This issue tracker has been migrated to GitHub, and is currently read-only.
For more information, see the GitHub FAQs in the Python's Developer Guide.

classification
Title: StreamReader does not return reamaing and ready data buffer before raise the Exeption
Type: Stage: patch review
Components: asyncio Versions: Python 3.7, Python 3.6, Python 3.4, Python 3.5
process
Status: open Resolution:
Dependencies: Superseder:
Assigned To: Nosy List: Dima.Tisnek, gvanrossum, pfreixes, yselivanov
Priority: normal Keywords: patch

Created on 2017-07-05 20:55 by pfreixes, last changed 2022-04-11 14:58 by admin.

Pull Requests
URL Status Linked Edit
PR 2593 closed pfreixes, 2017-07-05 20:59
PR 7473 open pfreixes, 2018-06-07 09:15
Messages (20)
msg297781 - (view) Author: pfreixes (pfreixes) * Date: 2017-07-05 20:55
Current implementation of StreamReader does not take care of the status of the buffer, once an exception has been set via `set_exception` any call to the read methods won't be able to get the missing data still pending to be processed.

From the point of view of the developer, if there is no scheduled task for waiting data into the Streamreader between a network data gets into the buffer socket and a closing connection by the other peer arrives, the developer won't be able to gather the previous data.
msg297783 - (view) Author: Guido van Rossum (gvanrossum) * (Python committer) Date: 2017-07-05 21:19
Do you have a specific use case where it's important to access the remaining data?
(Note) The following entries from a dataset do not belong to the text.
lemma bounded_borel_iter_one: "bounded_borel (iter_one k)"
  by (induction k)
     (auto simp: iter_one_0 iter_one_Suc bounded_borel_const intro!: bounded_borel_T bounded_borel_L2_borel)

lemma L2_borel_iter_one: "L2_borel (iter_one k)"
  by (rule bounded_borel_L2_borel[OF bounded_borel_iter_one])

lemma iter_one_measurable [measurable]: "iter_one k \<in> borel_measurable borel"
  using bounded_borel_iter_one by (simp add: bounded_borel_def)

lemma iter_one_bounds: "x \<in> {0<..<1} \<Longrightarrow> 0 \<le> iter_one k x \<and> iter_one k x \<le> 1"
proof (induction k arbitrary: x)
  case 0
  then show ?case by (simp add: iter_one_0)
next
  case (Suc k)
  have "0 \<le> T (iter_one k) x"
    using Suc.IH by (intro T_nonneg[OF L2_borel_iter_one]) auto
  moreover have "T (iter_one k) x \<le> T (\<lambda>_. 1) x"
    using Suc.IH by (intro T_mono[OF L2_borel_iter_one bounded_borel_L2_borel[OF bounded_borel_const]]) auto
  ultimately show ?case
    using T_one[of x] by (simp add: iter_one_Suc)
qed

lemma iter_one_Suc_le: "x \<in> {0<..<1} \<Longrightarrow> iter_one (Suc k) x \<le> iter_one k x"
proof (induction k arbitrary: x)
  case 0
  then show ?case using iter_one_bounds[of x 1] by (simp add: iter_one_0)
next
  case (Suc k)
  have "iter_one (Suc (Suc k)) x = T (iter_one (Suc k)) x"
    by (simp add: iter_one_Suc)
  also have "\<dots> \<le> T (iter_one k) x"
    by (rule T_mono[OF L2_borel_iter_one L2_borel_iter_one]) (use Suc.IH in auto)
  finally show ?case
    by (simp add: iter_one_Suc)
qed

lemma iter_one_reflect: "iter_one k (1 - x) = iter_one k x"
proof (induction k arbitrary: x)
  case 0
  then show ?case by (simp add: iter_one_0)
next
  case (Suc k)
  have "iter_one (Suc k) (1 - x) = T (\<lambda>y. iter_one k (1 - y)) x"
    by (simp add: iter_one_Suc T_reflect)
  also have "(\<lambda>y. iter_one k (1 - y)) = iter_one k"
    using Suc.IH by auto
  finally show ?case
    by (simp add: iter_one_Suc)
qed

lemma iter_one_gap_ge:
  assumes "x \<in> {0<..<1}"
  shows "(defect x + (\<integral>y. wt x y * (1 - iter_one k y) \<partial>Om)) / a_max \<le> 1 - iter_one (Suc k) x"
proof -
  have "(\<integral>y. wt x y * (1 - iter_one k y) \<partial>Om) = (\<integral>y. wt x y \<partial>Om) - (\<integral>y. wt x y * iter_one k y \<partial>Om)"
    using integrable_wt integrable_wt_mult[OF L2_borel_iter_one]
    by (simp add: right_diff_distrib Bochner_Integration.integral_diff)
  then have "1 - iter_one (Suc k) x = (defect x + (\<integral>y. wt x y * (1 - iter_one k y) \<partial>Om)) / a x"
    using assms a_pos[of x] by (simp add: iter_one_Suc T_def defect_def field_simps)
  moreover have "0 \<le> (\<integral>y. wt x y * (1 - iter_one k y) \<partial>Om)"
    using iter_one_bounds wt_nonneg by (intro integral_nonneg_AE AE_I2) auto
  ultimately show ?thesis
    using assms defect_nonneg[of x] a_pos[of x] a_le_a_max[of x] by (simp add: frac_le)
qed

lemma integral_wt_gap_ge:
  assumes "S \<in> sets borel" "0 \<le> \<eta>" "\<And>y. y \<in> S \<Longrightarrow> y \<in> {0<..<1} \<Longrightarrow> \<eta> \<le> 1 - iter_one k y"
  shows "\<eta> * (\<integral>y. indicator S y * wt x y \<partial>Om) \<le> (\<integral>y. wt x y * (1 - iter_one k y) \<partial>Om)"
proof -
  have "(\<integral>y. \<eta> * (indicator S y * wt x y) \<partial>Om) \<le> (\<integral>y. wt x y * (1 - iter_one k y) \<partial>Om)"
  proof (rule integral_Om_mono_bounded[where B="\<eta> * wt_max" and B'="wt_max"])
    show "\<bar>\<eta> * (indicator S y * wt x y)\<bar> \<le> \<eta> * wt_max" for y
      using assms(2) wt_nonneg[of x y] wt_le_wt_max[of x y]
      by (auto split: split_indicator intro: mult_left_mono)
    show "\<bar>wt x y * (1 - iter_one k y)\<bar> \<le> wt_max" if "y \<in> {0<..<1}" for y
    proof -
      have "wt x y * (1 - iter_one k y) \<le> wt x y"
        using iter_one_bounds[OF that, of k] wt_nonneg[of x y] by (simp add: mult_left_le)
      then show ?thesis
        using iter_one_bounds[OF that, of k] wt_nonneg[of x y] wt_le_wt_max[of x y] by simp
    qed
    show "\<eta> * (indicator S y * wt x y) \<le> wt x y * (1 - iter_one k y)" if "y \<in> {0<..<1}" for y
    proof (cases "y \<in> S")
      case True
      then have "wt x y * \<eta> \<le> wt x y * (1 - iter_one k y)"
        using assms(3) that wt_nonneg[of x y] by (intro mult_left_mono) auto
      then show ?thesis
        using True by (simp add: mult.commute)
    qed (use iter_one_bounds[OF that, of k] wt_nonneg[of x y] in simp)
  qed (use assms(1) in measurable)
  then show ?thesis
    by simp
qed

lemma integral_Icc_wt_ge:
  assumes "0 < p" "p \<le> q" "q < 1" "0 \<le> \<kappa>" "\<And>y. y \<in> {p..q} \<Longrightarrow> \<kappa> \<le> wt x y"
  shows "\<kappa> * (q - p) \<le> (\<integral>y. indicator {p..q} y * wt x y \<partial>Om)"
proof -
  have "(\<integral>y. indicator {p..q} y * \<kappa> \<partial>Om) = \<kappa> * (q - p)"
    using assms(1-3) by (subst integral_Om_indicator) auto
  moreover have "(\<integral>y. indicator {p..q} y * \<kappa> \<partial>Om) \<le> (\<integral>y. indicator {p..q} y * wt x y \<partial>Om)"
    using assms(4,5) wt_nonneg[of x] wt_le_wt_max[of x] wt_max_nonneg
    by (intro integral_Om_mono_bounded[where B=\<kappa> and B'=wt_max])
       (auto split: split_indicator)
  ultimately show ?thesis
    by (simp only:)
qed

definition seed_gap :: real where
  "seed_gap = b_min * (\<delta>/2) / a_max"

definition spread :: real where
  "spread = wt_min * (\<delta>/4) / a_max"

lemma seed_gap_pos: "0 < seed_gap"
  using b_min_pos a_max_pos dpos by (simp add: seed_gap_def)

lemma spread_pos: "0 < spread"
  using wt_min_pos a_max_pos dpos by (simp add: spread_def)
ISTM that this is happening when the connection is lost and then it shouldn't matter how much of the data you read or not -- the connection was broken before the remote side closed it, and you should not trust the data.
msg297784 - (view) Author: pfreixes (pfreixes) * Date: 2017-07-05 21:27
Yeps,

I have an example related to Redis [1], the server warns that the
connection will be closed because you reached out the maximum number
of connections.

But IMHO the example it's just that an example, if the connection at
some point was not broken/closed/... and some data came into the
buffer, this data should be put available for the user.

[1] https://github.com/antirez/redis/blob/09dd7b5ff02de4a311032939c27fd6fc62fbd4a3/src/networking.c#L615

On Wed, Jul 5, 2017 at 11:19 PM, Guido van Rossum
<report@bugs.python.org> wrote:
>
> Guido van Rossum added the comment:
>
> Do you have a specific use case where it's important to access the remaining data? ISTM that this is happening when the connection is lost and then it shouldn't matter how much of the data you read or not -- the connection was broken before the remote side closed it, and you should not trust the data.
>
> ----------
> nosy: +gvanrossum
>
> _______________________________________
> Python tracker <report@bugs.python.org>
> <http://bugs.python.org/issue30861>
> _______________________________________
msg297785 - (view) Author: Yury Selivanov (yselivanov) * (Python committer) Date: 2017-07-05 21:29
> But IMHO the example it's just that an example, if the connection at
some point was not broken/closed/... and some data came into the
buffer, this data should be put available for the user.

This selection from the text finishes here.